### DATASET CONTENT
(* Let $G$ be a Polish group with a comeagre conjugacy class $C$. Then every element $g\in C$ is conjugate in $G$ to $g^{-1}$. *)

theory Defs
  imports "HOL-Analysis.Analysis" "HOL-Algebra.Group"
begin

definition topological_group :: "('a, 'b) monoid_scheme \<Rightarrow> 'a topology \<Rightarrow> bool" where
  "topological_group G T \<longleftrightarrow> group G \<and> topspace T = carrier G
     \<and> continuous_map (prod_topology T T) T (\<lambda>(x, y). x \<otimes>\<^bsub>G\<^esub> y)
     \<and> continuous_map T T (\<lambda>x. inv\<^bsub>G\<^esub> x)"

definition polish_group :: "('a, 'b) monoid_scheme \<Rightarrow> 'a topology \<Rightarrow> bool" where
  "polish_group G T \<longleftrightarrow> topological_group G T \<and> completely_metrizable_space T \<and> separable_space T"

definition nowhere_dense_in :: "'a topology \<Rightarrow> 'a set \<Rightarrow> bool" where
  "nowhere_dense_in T S \<longleftrightarrow> S \<subseteq> topspace T \<and> T interior_of (T closure_of S) = {}"

definition meagre_in :: "'a topology \<Rightarrow> 'a set \<Rightarrow> bool" where
  "meagre_in T S \<longleftrightarrow> (\<exists>\<F>. countable \<F> \<and> (\<forall>N\<in>\<F>. nowhere_dense_in T N) \<and> S \<subseteq> \<Union>\<F>)"

definition comeagre_in :: "'a topology \<Rightarrow> 'a set \<Rightarrow> bool" where
  "comeagre_in T S \<longleftrightarrow> S \<subseteq> topspace T \<and> meagre_in T (topspace T - S)"

definition conj_class :: "('a, 'b) monoid_scheme \<Rightarrow> 'a \<Rightarrow> 'a set" where
  "conj_class G g = {h \<otimes>\<^bsub>G\<^esub> g \<otimes>\<^bsub>G\<^esub> inv\<^bsub>G\<^esub> h | h. h \<in> carrier G}"

end

theory Submission
  imports Defs
begin

text \<open>Inversion is a homeomorphism of G mapping the conjugacy class of c onto that of c\<inverse>,
  so the latter is comeagre as well. Two comeagre sets of a Baire space meet, and
  conjugacy classes that meet coincide; hence c\<inverse> is conjugate to c, and then so is
  g\<inverse> to g for every conjugate g of c.\<close>

lemma nowhere_dense_in_homeomorphic_image:
  assumes f: "homeomorphic_map X Y f" and N: "nowhere_dense_in X N"
  shows "nowhere_dense_in Y (f ` N)"
proof -
  have sub: "N \<subseteq> topspace X" and empty: "X interior_of (X closure_of N) = {}"
    using N unfolding nowhere_dense_in_def by auto
  have "f ` N \<subseteq> topspace Y"
    using sub homeomorphic_imp_surjective_map[OF f] by blast
  moreover have "Y interior_of (Y closure_of (f ` N)) = {}"
    using empty homeomorphic_map_closure_of[OF f sub]
      homeomorphic_map_interior_of[OF f closure_of_subset_topspace] by simp
  ultimately show ?thesis
    unfolding nowhere_dense_in_def by simp
qed

lemma meagre_in_homeomorphic_image:
  assumes f: "homeomorphic_map X Y f" and "meagre_in X A"
  shows "meagre_in Y (f ` A)"
proof -
  obtain \<F> where "countable \<F>" "\<forall>N\<in>\<F>. nowhere_dense_in X N" "A \<subseteq> \<Union>\<F>"
    using \<open>meagre_in X A\<close> unfolding meagre_in_def by blast
  moreover have "f ` A \<subseteq> \<Union>((`) f ` \<F>)"
    using \<open>A \<subseteq> \<Union>\<F>\<close> by (auto simp flip: image_Union)
  ultimately show ?thesis
    using nowhere_dense_in_homeomorphic_image[OF f] unfolding meagre_in_def
    by (intro exI[of _ "(`) f ` \<F>"]) auto
qed

lemma comeagre_in_homeomorphic_image:
  assumes f: "homeomorphic_map X Y f" and S: "comeagre_in X S"
  shows "comeagre_in Y (f ` S)"
proof -
  have sub: "S \<subseteq> topspace X" and "meagre_in X (topspace X - S)"
    using S unfolding comeagre_in_def by auto
  have "meagre_in Y (f ` (topspace X - S))"
    by (rule meagre_in_homeomorphic_image[OF f \<open>meagre_in X (topspace X - S)\<close>])
  moreover have "f ` (topspace X - S) = topspace Y - f ` S"
    using homeomorphic_imp_injective_map[OF f] homeomorphic_imp_surjective_map[OF f] sub
    by (auto simp: inj_on_image_set_diff)
  moreover have "f ` S \<subseteq> topspace Y"
    using sub homeomorphic_imp_surjective_map[OF f] by blast
  ultimately show ?thesis
    unfolding comeagre_in_def by simp
qed

lemma meagre_in_Un:
  assumes "meagre_in X A" "meagre_in X B"
  shows "meagre_in X (A \<union> B)"
proof -
  obtain \<F> where "countable \<F>" "\<forall>N\<in>\<F>. nowhere_dense_in X N" "A \<subseteq> \<Union>\<F>"
    using assms(1) unfolding meagre_in_def by blast
  moreover obtain \<H> where "countable \<H>" "\<forall>N\<in>\<H>. nowhere_dense_in X N" "B \<subseteq> \<Union>\<H>"
    using assms(2) unfolding meagre_in_def by blast
  ultimately show ?thesis
    unfolding meagre_in_def by (intro exI[of _ "\<F> \<union> \<H>"]) auto
qed

lemma comeagre_in_Int:
  assumes "comeagre_in X S" "comeagre_in X S'"
  shows "comeagre_in X (S \<inter> S')"
proof -
  have "topspace X - S \<inter> S' = (topspace X - S) \<union> (topspace X - S')"
    by blast
  then show ?thesis
    using assms meagre_in_Un unfolding comeagre_in_def by auto
qed

text \<open>The Baire category theorem: the closures of the members of a countable nowhere
  dense cover are closed with empty interior, so their union has empty interior.\<close>
lemma not_meagre_in_topspace:
  assumes "completely_metrizable_space X" "topspace X \<noteq> {}"
  shows "\<not> meagre_in X (topspace X)"
proof
  assume "meagre_in X (topspace X)"
  then obtain \<F> where \<F>: "countable \<F>" "\<forall>N\<in>\<F>. nowhere_dense_in X N" "topspace X \<subseteq> \<Union>\<F>"
    unfolding meagre_in_def by blast
  let ?\<G> = "(\<lambda>N. X closure_of N) ` \<F>"
  have "X interior_of \<Union>?\<G> = {}"
  proof (rule Baire_category_alt)
    show "completely_metrizable_space X \<or> locally_compact_space X \<and> regular_space X"
      using assms(1) ..
    show "countable ?\<G>"
      using \<F>(1) by simp
    show "closedin X T \<and> X interior_of T = {}" if "T \<in> ?\<G>" for T
    proof -
      from \<open>T \<in> ?\<G>\<close> obtain N where "N \<in> \<F>" and T: "T = X closure_of N"
        by blast
      then have "X interior_of T = {}"
        using \<F>(2) unfolding nowhere_dense_in_def by simp
      then show ?thesis
        using T by simp
    qed
  qed
  moreover have "\<Union>?\<G> = topspace X"
  proof
    show "\<Union>?\<G> \<subseteq> topspace X"
      by (simp add: UN_subset_iff closure_of_subset_topspace)
    show "topspace X \<subseteq> \<Union>?\<G>"
    proof
      fix x assume "x \<in> topspace X"
      then obtain N where N: "N \<in> \<F>" "x \<in> N"
        using \<F>(3) by blast
      have "N \<subseteq> topspace X"
        using \<F>(2) N(1) unfolding nowhere_dense_in_def by simp
      then have "x \<in> X closure_of N"
        using N(2) closure_of_subset by blast
      then show "x \<in> \<Union>?\<G>"
        by (rule UN_I[OF N(1)])
    qed
  qed
  ultimately show False
    using assms(2) by simp
qed

lemma comeagre_in_nonempty:
  assumes "completely_metrizable_space X" "topspace X \<noteq> {}" "comeagre_in X S"
  shows "S \<noteq> {}"
proof
  assume "S = {}"
  then have "meagre_in X (topspace X)"
    using assms(3) unfolding comeagre_in_def by simp
  then show False
    using not_meagre_in_topspace assms(1,2) by blast
qed

lemma topological_group_homeomorphic_map_inv:
  assumes "topological_group G T"
  shows "homeomorphic_map T T (\<lambda>x. inv\<^bsub>G\<^esub> x)"
proof (rule homeomorphic_map_involution)
  show "continuous_map T T (\<lambda>x. inv\<^bsub>G\<^esub> x)"
    using assms unfolding topological_group_def by blast
  show "inv\<^bsub>G\<^esub> (inv\<^bsub>G\<^esub> x) = x" if "x \<in> topspace T" for x
  proof -
    have "group G" "x \<in> carrier G"
      using assms that unfolding topological_group_def by auto
    then show ?thesis
      by (rule group.inv_inv)
  qed
qed

lemma conj_class_eq_image:
  "conj_class G c = (\<lambda>h. h \<otimes>\<^bsub>G\<^esub> c \<otimes>\<^bsub>G\<^esub> inv\<^bsub>G\<^esub> h) ` carrier G"
  by (auto simp: conj_class_def)

lemma mem_conj_class_iff:
  "x \<in> conj_class G c \<longleftrightarrow> (\<exists>h \<in> carrier G. h \<otimes>\<^bsub>G\<^esub> c \<otimes>\<^bsub>G\<^esub> inv\<^bsub>G\<^esub> h = x)"
  by (auto simp: conj_class_def)

context group
begin

lemma conj_conj_eq:
  assumes "c \<in> carrier G" "h \<in> carrier G" "k \<in> carrier G"
  shows "k \<otimes> (h \<otimes> c \<otimes> inv h) \<otimes> inv k = (k \<otimes> h) \<otimes> c \<otimes> inv (k \<otimes> h)"
  using assms by (simp add: inv_mult_group m_assoc)

lemma conj_class_conj_subset:
  assumes c: "c \<in> carrier G" and h: "h \<in> carrier G"
  shows "conj_class G (h \<otimes> c \<otimes> inv h) \<subseteq> conj_class G c"
  unfolding conj_class_eq_image
proof (rule image_subsetI)
  fix k assume k: "k \<in> carrier G"
  have "k \<otimes> h \<in> carrier G"
    using h k by simp
  moreover have "k \<otimes> (h \<otimes> c \<otimes> inv h) \<otimes> inv k = (k \<otimes> h) \<otimes> c \<otimes> inv (k \<otimes> h)"
    by (rule conj_conj_eq[OF c h k])
  ultimately show "k \<otimes> (h \<otimes> c \<otimes> inv h) \<otimes> inv k \<in> (\<lambda>h. h \<otimes> c \<otimes> inv h) ` carrier G"
    by (rule rev_image_eqI)
qed

lemma conj_class_eq_of_mem:
  assumes c: "c \<in> carrier G" and g: "g \<in> conj_class G c"
  shows "conj_class G g = conj_class G c"
proof -
  obtain h where h: "h \<in> carrier G" and gh: "g = h \<otimes> c \<otimes> inv h"
    using g unfolding conj_class_def by blast
  have "inv h \<otimes> g \<otimes> inv (inv h) = c"
    using conj_conj_eq[OF c h inv_closed[OF h]] c h gh by simp
  then have "conj_class G c \<subseteq> conj_class G g"
    using conj_class_conj_subset[of g "inv h"] c h gh by simp
  then show ?thesis
    using conj_class_conj_subset[OF c h] gh by blast
qed

lemma conj_class_eq_of_Int:
  assumes c: "c \<in> carrier G" and d: "d \<in> carrier G"
    and "conj_class G c \<inter> conj_class G d \<noteq> {}"
  shows "conj_class G c = conj_class G d"
proof -
  obtain x where "x \<in> conj_class G c" "x \<in> conj_class G d"
    using assms(3) by blast
  then show ?thesis
    using conj_class_eq_of_mem[OF c] conj_class_eq_of_mem[OF d] by metis
qed

lemma inv_image_conj_class:
  assumes "c \<in> carrier G"
  shows "(\<lambda>x. inv x) ` conj_class G c = conj_class G (inv c)"
proof -
  have "(\<lambda>x. inv x) ` conj_class G c = (\<lambda>h. inv (h \<otimes> c \<otimes> inv h)) ` carrier G"
    by (simp add: conj_class_eq_image image_image)
  also have "\<dots> = (\<lambda>h. h \<otimes> inv c \<otimes> inv h) ` carrier G"
    using assms by (intro image_cong) (simp_all add: inv_mult_group m_assoc)
  also have "\<dots> = conj_class G (inv c)"
    by (simp add: conj_class_eq_image)
  finally show ?thesis .
qed

end

theorem mainTheorem7:
  fixes G :: "('a, 'b) monoid_scheme" and T :: "'a topology" and c :: 'a
  assumes "polish_group G T"
    and "c \<in> carrier G"
    and "comeagre_in T (conj_class G c)"
  shows "\<forall>g \<in> conj_class G c. \<exists>h \<in> carrier G. h \<otimes>\<^bsub>G\<^esub> g \<otimes>\<^bsub>G\<^esub> inv\<^bsub>G\<^esub> h = inv\<^bsub>G\<^esub> g"
proof -
  have TG: "topological_group G T" and complete: "completely_metrizable_space T"
    using assms(1) unfolding polish_group_def by auto
  then interpret group G
    unfolding topological_group_def by blast
  have nonempty: "topspace T \<noteq> {}"
    using TG unfolding topological_group_def by auto
  have "comeagre_in T (conj_class G (inv\<^bsub>G\<^esub> c))"
    using comeagre_in_homeomorphic_image[OF topological_group_homeomorphic_map_inv[OF TG] assms(3)]
    by (simp add: inv_image_conj_class assms(2))
  then have "conj_class G c \<inter> conj_class G (inv\<^bsub>G\<^esub> c) \<noteq> {}"
    by (intro comeagre_in_nonempty[OF complete nonempty] comeagre_in_Int assms(3))
  then have inv_c: "conj_class G c = conj_class G (inv\<^bsub>G\<^esub> c)"
    by (rule conj_class_eq_of_Int[OF assms(2) inv_closed[OF assms(2)]])
  show ?thesis
  proof
    fix g assume g: "g \<in> conj_class G c"
    then have "inv\<^bsub>G\<^esub> g \<in> (\<lambda>x. inv\<^bsub>G\<^esub> x) ` conj_class G c"
      by (rule imageI)
    also have "\<dots> = conj_class G g"
      using inv_image_conj_class[OF assms(2)] inv_c conj_class_eq_of_mem[OF assms(2) g] by simp
    finally show "\<exists>h \<in> carrier G. h \<otimes>\<^bsub>G\<^esub> g \<otimes>\<^bsub>G\<^esub> inv\<^bsub>G\<^esub> h = inv\<^bsub>G\<^esub> g"
      by (simp add: mem_conj_class_iff)
  qed
qed

end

### YOUR GOAL
Copy out every line from the material above where the string "meet" turns up.

### RESULT FOR THIS TASK
  so the latter is comeagre as well. Two comeagre sets of a Baire space meet, and
  conjugacy classes that meet coincide; hence c\<inverse> is conjugate to c, and then so is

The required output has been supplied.